The following unaudited condensed pro forma combined financial
statements (the "Pro Forma Statements") are based on the historical consolidated
financial statements of Broadcom and its subsidiaries (included on a Current
Report on Form 8-K filed September 17, 1999) as adjusted to give effect to the
business combinations between Broadcom and HotHaus Technologies Inc. and between
Broadcom and AltoCom, Inc., accounted for in each case using the pooling-of-
interests method of accounting. Additionally, the Pro Forma Statements reflect
adjustments made to (i) conform the accounting policies of the combining
companies and (ii) eliminate intercompany transactions. No adjustments have been
made to give effect to expenses related to the business combinations, which
expenses Broadcom expects to record in the quarter ending September 30, 1999.
The Pro Forma Statements give effect to the business combinations as if they had
occurred prior to the beginning of each period presented.

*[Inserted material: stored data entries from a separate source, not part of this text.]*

(* Let $\mathcal{G}$ be a $k$-uniform hypergraph with $n$ vertices. Then \[ {\rm bw}(\mathcal{G}) \geq\frac{n+(-1)^n}{k(n+1)}\sum_{j = 1}^n \alpha _j(\mathcal{G}). \]
   Context: A $k$-uniform hypergraph $\mathcal{G}$ has vertex set $V(\mathcal{G})=[n]$ and edge set $E(\mathcal{G})$ of $k$-element subsets of $V(\mathcal{G})$. For $\mathbf{x}\in\mathbb{R}^n$, $\mathcal{L}_\mathcal{G}\mathbf{x}^k=\sum_{\{i_1,\ldots,i_k\}\in E(\mathcal{G})}\left(x_{i_1}^k+\cdots+x_{i_k}^k-k\,x_{i_1}\cdots x_{i_k}\right)$. The inverse Perron value of vertex $j$ is $\alpha_j(\mathcal{G})=\min\{\mathcal{L}_\mathcal{G}\mathbf{x}^k : \mathbf{x}\in\mathbb{R}^n_+,\ \sum_{i=1}^n x_i^k=1,\ x_j=0\}$ ($\mathbb{R}^n_+$ = nonnegative vectors). For $S\subseteq V(\mathcal{G})$ with complement $\overline{S}=V(\mathcal{G})\setminus S$, $E(S,\overline{S})$ is the set of edges containing vertices of both $S$ and $\overline{S}$. The bipartition width is ${\rm bw}(\mathcal{G})=\min\{|E(S,\overline{S})| : S\subseteq V(\mathcal{G}),\ |S|=\lfloor n/2\rfloor\}$. *)

theory Defs
  imports "HOL-Analysis.Analysis"
begin

definition uniform_hypergraph :: "nat \<Rightarrow> nat \<Rightarrow> nat set set \<Rightarrow> bool" where
  "uniform_hypergraph n k E \<longleftrightarrow> (\<forall>e\<in>E. e \<subseteq> {1..n} \<and> card e = k)"

definition lap_form :: "nat \<Rightarrow> nat set set \<Rightarrow> (nat \<Rightarrow> real) \<Rightarrow> real" where
  "lap_form k E x = (\<Sum>e\<in>E. (\<Sum>i\<in>e. x i ^ k) - real k * (\<Prod>i\<in>e. x i))"

text \<open>Inverse Perron value of vertex j (a minimum; stated as the infimum of the value set,
  which is attained by compactness).\<close>
definition inv_perron :: "nat \<Rightarrow> nat \<Rightarrow> nat set set \<Rightarrow> nat \<Rightarrow> real" where
  "inv_perron n k E j = Inf {lap_form k E x | x.
       (\<forall>i\<in>{1..n}. x i \<ge> 0) \<and> (\<forall>i. i \<notin> {1..n} \<longrightarrow> x i = 0) \<and>
       (\<Sum>i=1..n. x i ^ k) = 1 \<and> x j = 0}"

definition cut_edges :: "nat \<Rightarrow> nat set set \<Rightarrow> nat set \<Rightarrow> nat set set" where
  "cut_edges n E S = {e\<in>E. e \<inter> S \<noteq> {} \<and> e \<inter> ({1..n} - S) \<noteq> {}}"

definition bip_width :: "nat \<Rightarrow> nat set set \<Rightarrow> nat" where
  "bip_width n E = Min {card (cut_edges n E S) | S. S \<subseteq> {1..n} \<and> card S = n div 2}"

end

theory Submission
  imports Defs
begin

text \<open>Fix a bisection S, T of optimal width with |S| = p \<le> q = |T|, and let C be its cut.
  For j \<in> S, the vector that is constant on T (and zero elsewhere) is admissible for \<alpha>_j;
  every edge inside T contributes 0 to its Laplacian form and every cut edge e contributes
  |e \<inter> T|/q, so \<alpha>_j \<le> (\<Sum>e\<in>C. |e \<inter> T|)/q; symmetrically for j \<in> T. Summing over j and
  using |e \<inter> S| + |e \<inter> T| = k gives \<Sum>j. \<alpha>_j \<le> (q/p) k |C|, and (n + (-1)^n)/(n + 1) is
  exactly p/q.\<close>

definition perron_vectors :: "nat \<Rightarrow> nat \<Rightarrow> nat \<Rightarrow> (nat \<Rightarrow> real) set" where
  "perron_vectors n k j = {x. (\<forall>i\<in>{1..n}. x i \<ge> 0) \<and> (\<forall>i. i \<notin> {1..n} \<longrightarrow> x i = 0) \<and>
       (\<Sum>i=1..n. x i ^ k) = 1 \<and> x j = 0}"

lemma inv_perron_eq_Inf_image:
  "inv_perron n k E j = Inf (lap_form k E ` perron_vectors n k j)"
  unfolding inv_perron_def perron_vectors_def by (simp add: setcompr_eq_image)

lemma uniform_hypergraph_finite:
  assumes "uniform_hypergraph n k E"
  shows "finite E"
proof (rule finite_subset)
  show "E \<subseteq> Pow {1..n}"
    using assms unfolding uniform_hypergraph_def by auto
qed simp

lemma perron_vectors_le_one:
  assumes "x \<in> perron_vectors n k j" "k > 0" "i \<in> {1..n}"
  shows "x i \<le> 1"
proof -
  have nonneg: "\<forall>i\<in>{1..n}. x i \<ge> 0" and norm: "(\<Sum>i=1..n. x i ^ k) = 1"
    using assms(1) unfolding perron_vectors_def by auto
  have "x i ^ k \<le> (\<Sum>i=1..n. x i ^ k)"
    by (rule member_le_sum) (use assms(3) nonneg in auto)
  then show ?thesis
    using assms(2,3) nonneg norm by (simp add: power_le_one_iff)
qed

lemma lap_form_ge_on_perron_vectors:
  assumes "uniform_hypergraph n k E" "k > 0" "x \<in> perron_vectors n k j"
  shows "- (real k * real (card E)) \<le> lap_form k E x"
proof -
  have nonneg: "\<forall>i\<in>{1..n}. x i \<ge> 0"
    using assms(3) unfolding perron_vectors_def by auto
  have "- real k \<le> (\<Sum>i\<in>e. x i ^ k) - real k * (\<Prod>i\<in>e. x i)" if "e \<in> E" for e
  proof -
    have e: "e \<subseteq> {1..n}"
      using assms(1) that unfolding uniform_hypergraph_def by auto
    have "(\<Prod>i\<in>e. x i) \<le> 1"
      using e nonneg perron_vectors_le_one[OF assms(3,2)] by (intro prod_le_1) auto
    moreover have "0 \<le> (\<Sum>i\<in>e. x i ^ k)"
      using e nonneg by (intro sum_nonneg) auto
    ultimately show ?thesis
      using mult_left_le[of "\<Prod>i\<in>e. x i" "real k"] by linarith
  qed
  then have "(\<Sum>e\<in>E. - real k) \<le> lap_form k E x"
    unfolding lap_form_def by (rule sum_mono)
  then show ?thesis by (simp add: mult.commute)
qed

lemma inv_perron_le_lap_form:
  assumes "uniform_hypergraph n k E" "k > 0" "x \<in> perron_vectors n k j"
  shows "inv_perron n k E j \<le> lap_form k E x"
  unfolding inv_perron_eq_Inf_image
proof (rule cInf_lower)
  show "bdd_below (lap_form k E ` perron_vectors n k j)"
    by (rule bdd_belowI2) (rule lap_form_ge_on_perron_vectors[OF assms(1,2)])
qed (use assms(3) in simp)

lemma sum_power_step_vector:
  fixes c :: real
  assumes "finite A" "k > 0"
  shows "(\<Sum>i\<in>A. (if i \<in> T then c else 0) ^ k) = real (card (A \<inter> T)) * c ^ k"
proof -
  have "(\<Sum>i\<in>A. (if i \<in> T then c else 0) ^ k) = (\<Sum>i\<in>A. if i \<in> T then c ^ k else 0)"
    using assms(2) by (intro sum.cong) auto
  also have "\<dots> = (\<Sum>i\<in>A \<inter> T. c ^ k)"
    using sum.inter_restrict[OF assms(1), of "\<lambda>_. c ^ k" T] by simp
  finally show ?thesis
    by simp
qed

lemma edge_term_step_vector:
  fixes c :: real
  assumes "finite e" "card e = k" "k > 0"
  shows "(\<Sum>i\<in>e. (if i \<in> T then c else 0) ^ k) - real k * (\<Prod>i\<in>e. if i \<in> T then c else 0)
         = (if e \<subseteq> T then 0 else real (card (e \<inter> T)) * c ^ k)"
proof -
  have sum_eq: "(\<Sum>i\<in>e. (if i \<in> T then c else 0) ^ k) = real (card (e \<inter> T)) * c ^ k"
    using assms(1,3) by (rule sum_power_step_vector)
  show ?thesis
  proof (cases "e \<subseteq> T")
    case True
    then have "(\<Prod>i\<in>e. if i \<in> T then c else 0) = c ^ k" and "e \<inter> T = e"
      using assms(2) by (auto simp: subset_iff)
    then show ?thesis
      using True sum_eq assms(2) by simp
  next
    case False
    then have "(\<Prod>i\<in>e. if i \<in> T then c else 0) = 0"
      using assms(1) by (auto intro: prod_zero)
    then show ?thesis
      using False sum_eq by simp
  qed
qed

lemma lap_form_step_vector:
  fixes c :: real
  assumes "uniform_hypergraph n k E" "k > 0" "T \<subseteq> {1..n}"
  shows "lap_form k E (\<lambda>i. if i \<in> T then c else 0)
         = c ^ k * (\<Sum>e\<in>cut_edges n E T. real (card (e \<inter> T)))"
proof -
  have edges: "e \<subseteq> {1..n} \<and> card e = k" if "e \<in> E" for e
    using assms(1) that unfolding uniform_hypergraph_def by auto
  have "lap_form k E (\<lambda>i. if i \<in> T then c else 0)
        = (\<Sum>e\<in>E. if e \<in> cut_edges n E T then c ^ k * real (card (e \<inter> T)) else 0)"
    unfolding lap_form_def
  proof (rule sum.cong)
    fix e assume "e \<in> E"
    with edges have "finite e" "card e = k" "e \<subseteq> {1..n}"
      by (auto intro: finite_subset)
    with \<open>e \<in> E\<close> show "(\<Sum>i\<in>e. (if i \<in> T then c else 0) ^ k)
          - real k * (\<Prod>i\<in>e. if i \<in> T then c else 0)
        = (if e \<in> cut_edges n E T then c ^ k * real (card (e \<inter> T)) else 0)"
      using assms(2) by (auto simp: edge_term_step_vector cut_edges_def)
  qed simp
  also have "\<dots> = (\<Sum>e\<in>cut_edges n E T. c ^ k * real (card (e \<inter> T)))"
    using uniform_hypergraph_finite[OF assms(1)] unfolding cut_edges_def
    by (simp add: sum.inter_filter)
  finally show ?thesis
    by (simp add: sum_distrib_left)
qed

lemma inv_perron_le_cut_average:
  assumes "uniform_hypergraph n k E" "k > 0" "T \<subseteq> {1..n}" "T \<noteq> {}" "j \<notin> T"
  shows "inv_perron n k E j \<le> (\<Sum>e\<in>cut_edges n E T. real (card (e \<inter> T))) / real (card T)"
proof -
  have card_T: "card T > 0"
    using assms(3,4) by (meson card_gt_0_iff finite_atLeastAtMost finite_subset)
  define c where "c = root k (1 / real (card T))"
  have c: "c \<ge> 0" "c ^ k = 1 / real (card T)"
    unfolding c_def using assms(2) by (auto simp: real_root_pow_pos2)
  define x where "x = (\<lambda>i. if i \<in> T then c else 0)"
  have "(\<Sum>i=1..n. x i ^ k) = 1"
    using sum_power_step_vector[of "{1..n}" k T c] assms(2,3) c(2) card_T
    by (simp add: x_def Int_absorb1)
  then have "x \<in> perron_vectors n k j"
    using assms(3,5) card_T c(1) unfolding perron_vectors_def x_def by auto
  then have "inv_perron n k E j \<le> lap_form k E x"
    by (rule inv_perron_le_lap_form[OF assms(1,2)])
  then show ?thesis
    unfolding x_def lap_form_step_vector[OF assms(1-3)] c(2) by simp
qed

lemma cut_edges_complement:
  assumes "S \<subseteq> {1..n}"
  shows "cut_edges n E ({1..n} - S) = cut_edges n E S"
  using assms unfolding cut_edges_def by auto

lemma card_edge_split:
  fixes n :: nat
  assumes "e \<subseteq> {1..n}"
  shows "card (e \<inter> S) + card (e \<inter> ({1..n} - S)) = card e"
proof -
  have "finite e"
    using assms by (rule finite_subset) simp
  then have "card (e \<inter> S) + card (e - S) = card e"
    by (rule card_Int_Diff[symmetric])
  moreover have "e - S = e \<inter> ({1..n} - S)"
    using assms by auto
  ultimately show ?thesis
    by simp
qed

lemma unbalanced_average_le:
  fixes p q a b :: real
  assumes "0 < p" "p \<le> q" "0 \<le> a"
  shows "p * (a / q) + q * (b / p) \<le> q / p * (a + b)"
proof -
  have "p * p * a \<le> q * q * a"
    using assms by (intro mult_right_mono mult_mono) auto
  then have "p * (a / q) \<le> q * (a / p)"
    using assms by (simp add: field_simps)
  moreover have "q / p * (a + b) = q * (a / p) + q * (b / p)"
    using assms(1) by (simp add: field_simps)
  ultimately show ?thesis
    by linarith
qed

lemma sum_inv_perron_le_cut:
  assumes "uniform_hypergraph n k E" "k > 0" "S \<subseteq> {1..n}" "S \<noteq> {}"
    and "card S \<le> card ({1..n} - S)"
  shows "(\<Sum>j=1..n. inv_perron n k E j)
         \<le> real (card ({1..n} - S)) / real (card S) * (real k * real (card (cut_edges n E S)))"
proof -
  define T where "T = {1..n} - S"
  define p where "p = real (card S)"
  define q where "q = real (card T)"
  define C where "C = cut_edges n E S"
  define a where "a = (\<Sum>e\<in>C. real (card (e \<inter> T)))"
  define b where "b = (\<Sum>e\<in>C. real (card (e \<inter> S)))"
  have "finite S" "T \<subseteq> {1..n}"
    using assms(3) finite_subset unfolding T_def by auto
  have "p > 0" "p \<le> q"
    using assms(3-5) \<open>finite S\<close> unfolding p_def q_def T_def by auto
  have "T \<noteq> {}"
    using \<open>p > 0\<close> \<open>p \<le> q\<close> unfolding q_def by auto
  have "a + b = real k * real (card C)"
  proof -
    have "real (card (e \<inter> T)) + real (card (e \<inter> S)) = real k" if "e \<in> C" for e
      using that assms(1,3) card_edge_split[of e n S]
      unfolding C_def T_def cut_edges_def uniform_hypergraph_def by auto
    then show ?thesis
      unfolding a_def b_def by (simp add: sum.distrib[symmetric])
  qed
  have "cut_edges n E T = C"
    unfolding T_def C_def by (rule cut_edges_complement[OF assms(3)])
  then have "inv_perron n k E j \<le> a / q" if "j \<in> S" for j
    using inv_perron_le_cut_average[OF assms(1,2) \<open>T \<subseteq> {1..n}\<close> \<open>T \<noteq> {}\<close>] that
    unfolding a_def q_def T_def by auto
  then have "(\<Sum>j\<in>S. inv_perron n k E j) \<le> p * (a / q)"
    using sum_mono[of S "inv_perron n k E" "\<lambda>_. a / q"] unfolding p_def by simp
  moreover have "inv_perron n k E j \<le> b / p" if "j \<in> T" for j
    using inv_perron_le_cut_average[OF assms(1-4)] that
    unfolding b_def p_def C_def T_def by auto
  then have "(\<Sum>j\<in>T. inv_perron n k E j) \<le> q * (b / p)"
    using sum_mono[of T "inv_perron n k E" "\<lambda>_. b / p"] unfolding q_def by simp
  moreover have "(\<Sum>j=1..n. inv_perron n k E j)
                 = (\<Sum>j\<in>S. inv_perron n k E j) + (\<Sum>j\<in>T. inv_perron n k E j)"
    using assms(3) unfolding T_def by (metis Diff_partition finite_atLeastAtMost sum.subset_diff add.commute)
  ultimately have "(\<Sum>j=1..n. inv_perron n k E j) \<le> p * (a / q) + q * (b / p)"
    by linarith
  also have "\<dots> \<le> q / p * (a + b)"
    using \<open>p > 0\<close> \<open>p \<le> q\<close> unfolding a_def
    by (intro unbalanced_average_le sum_nonneg) auto
  finally show ?thesis
    unfolding \<open>a + b = real k * real (card C)\<close> p_def q_def T_def C_def .
qed

lemma bip_width_attained:
  obtains S where "S \<subseteq> {1..n}" "card S = n div 2" "bip_width n E = card (cut_edges n E S)"
proof -
  let ?W = "{card (cut_edges n E S) | S. S \<subseteq> {1..n} \<and> card S = n div 2}"
  have "?W \<subseteq> (\<lambda>S. card (cut_edges n E S)) ` Pow {1..n}"
    by auto
  then have "finite ?W"
    by (rule finite_subset) simp
  moreover have "?W \<noteq> {}"
    using exI[of "\<lambda>S. S \<subseteq> {1..n} \<and> card S = n div 2" "{1..n div 2}"] by auto
  ultimately have "bip_width n E \<in> ?W"
    unfolding bip_width_def by (rule Min_in)
  then show ?thesis
    using that by blast
qed

lemma bisection_ratio:
  assumes "n \<ge> 1"
  shows "(real n + (-1) ^ n) / (real n + 1) = real (n div 2) / real (n - n div 2)"
proof (cases "even n")
  case True
  then show ?thesis
    using assms by (auto elim: evenE)
next
  case False
  then obtain m where "n = 2 * m + 1"
    by (metis oddE)
  then show ?thesis
    by (simp add: field_simps)
qed

theorem theorem3p2:
  fixes n k :: nat and E :: "nat set set"
  assumes "uniform_hypergraph n k E" and "k \<ge> 2" and "n \<ge> 2"
  shows "real (bip_width n E) \<ge>
           (real n + (-1) ^ n) / (real k * (real n + 1)) * (\<Sum>j=1..n. inv_perron n k E j)"
proof -
  obtain S where S: "S \<subseteq> {1..n}" "card S = n div 2"
    and width: "bip_width n E = card (cut_edges n E S)"
    by (rule bip_width_attained)
  define p where "p = real (n div 2)"
  define q where "q = real (n - n div 2)"
  have "card ({1..n} - S) = n - n div 2"
    using S by (simp add: card_Diff_subset finite_subset)
  then have bound: "(\<Sum>j=1..n. inv_perron n k E j) \<le> q / p * (real k * real (bip_width n E))"
    using sum_inv_perron_le_cut[OF assms(1) _ S(1)] assms S(2) width
    unfolding p_def q_def by fastforce
  have "p > 0" "q > 0" "real k > 0"
    using assms(2,3) unfolding p_def q_def by auto
  have "(real n + (-1) ^ n) / (real k * (real n + 1)) = (real n + (-1) ^ n) / (real n + 1) / real k"
    by (simp add: mult.commute)
  also have "\<dots> = p / q / real k"
    using bisection_ratio[of n] assms(3) unfolding p_def q_def by simp
  finally have "(real n + (-1) ^ n) / (real k * (real n + 1)) * (\<Sum>j=1..n. inv_perron n k E j)
      = p / q / real k * (\<Sum>j=1..n. inv_perron n k E j)"
    by simp
  also have "\<dots> \<le> p / q / real k * (q / p * (real k * real (bip_width n E)))"
    using bound \<open>p > 0\<close> \<open>q > 0\<close> by (intro mult_left_mono) auto
  also have "\<dots> = real (bip_width n E)"
    using \<open>p > 0\<close> \<open>q > 0\<close> \<open>real k > 0\<close> by simp
  finally show ?thesis .
qed

end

All share numbers and per share amounts included in the Pro Forma
Statements have been retroactively adjusted to reflect Broadcom's two-for-one
stock split, in the form of a 100% stock dividend, effective February 17, 1999,
as well as an earlier three-for-two stock split effective March 9, 1998.
The Pro Forma Statements are unaudited; however, they contain all
normal recurring accruals and adjustments that, in the opinion of management,
are necessary to present fairly the combined financial position of Broadcom and
subsidiaries and HotHaus Technologies Inc. and AltoCom, Inc. at June 30, 1999
and December 31, 1998 and the combined results of operations for each of the six
quarters through June 30, 1999, the years ended December 31, 1998, 1997 and
1996, and the six month periods ended June 30, 1999 and 1998. It should be
understood that accounting measurements at interim dates inherently involve
greater reliance on estimates than at year-end. The Pro Forma Statements are
presented for informational purposes only, do not purport to constitute complete
financial statements, and are not necessarily indicative of future operating
results. The Pro Forma Statements also do not include footnotes and certain
financial presentations normally required for complete financial statements
under generally accepted accounting principles. Therefore, the Pro Forma
Statements should be read in conjunction with Broadcom's audited financial
statements and notes thereto for the year ended December 31, 1998, and the
related Management's Discussion and Analysis of Financial Condition and Results
of Operations, included on the Current Report on Form 8-K filed September 17,
1999.
The information contained in this Form 8-K is not a complete
description of our business or the risks associated with an investment in our
Common Stock. We urge you to carefully review and consider the various
disclosures, including but not limited to the section entitled "Risk Factors,"
made by us in our Current Report on Form 8-K filed September 17, 1999 and in our
other reports filed with the SEC, including our Annual Report on Form 10-K for
the year ended December 31, 1998 and our subsequent reports on Forms 10-Q and
8-K, that discuss our business in greater detail and advise interested parties
of certain risks, uncertainties and other factors that may affect our business,
results of operations or financial condition.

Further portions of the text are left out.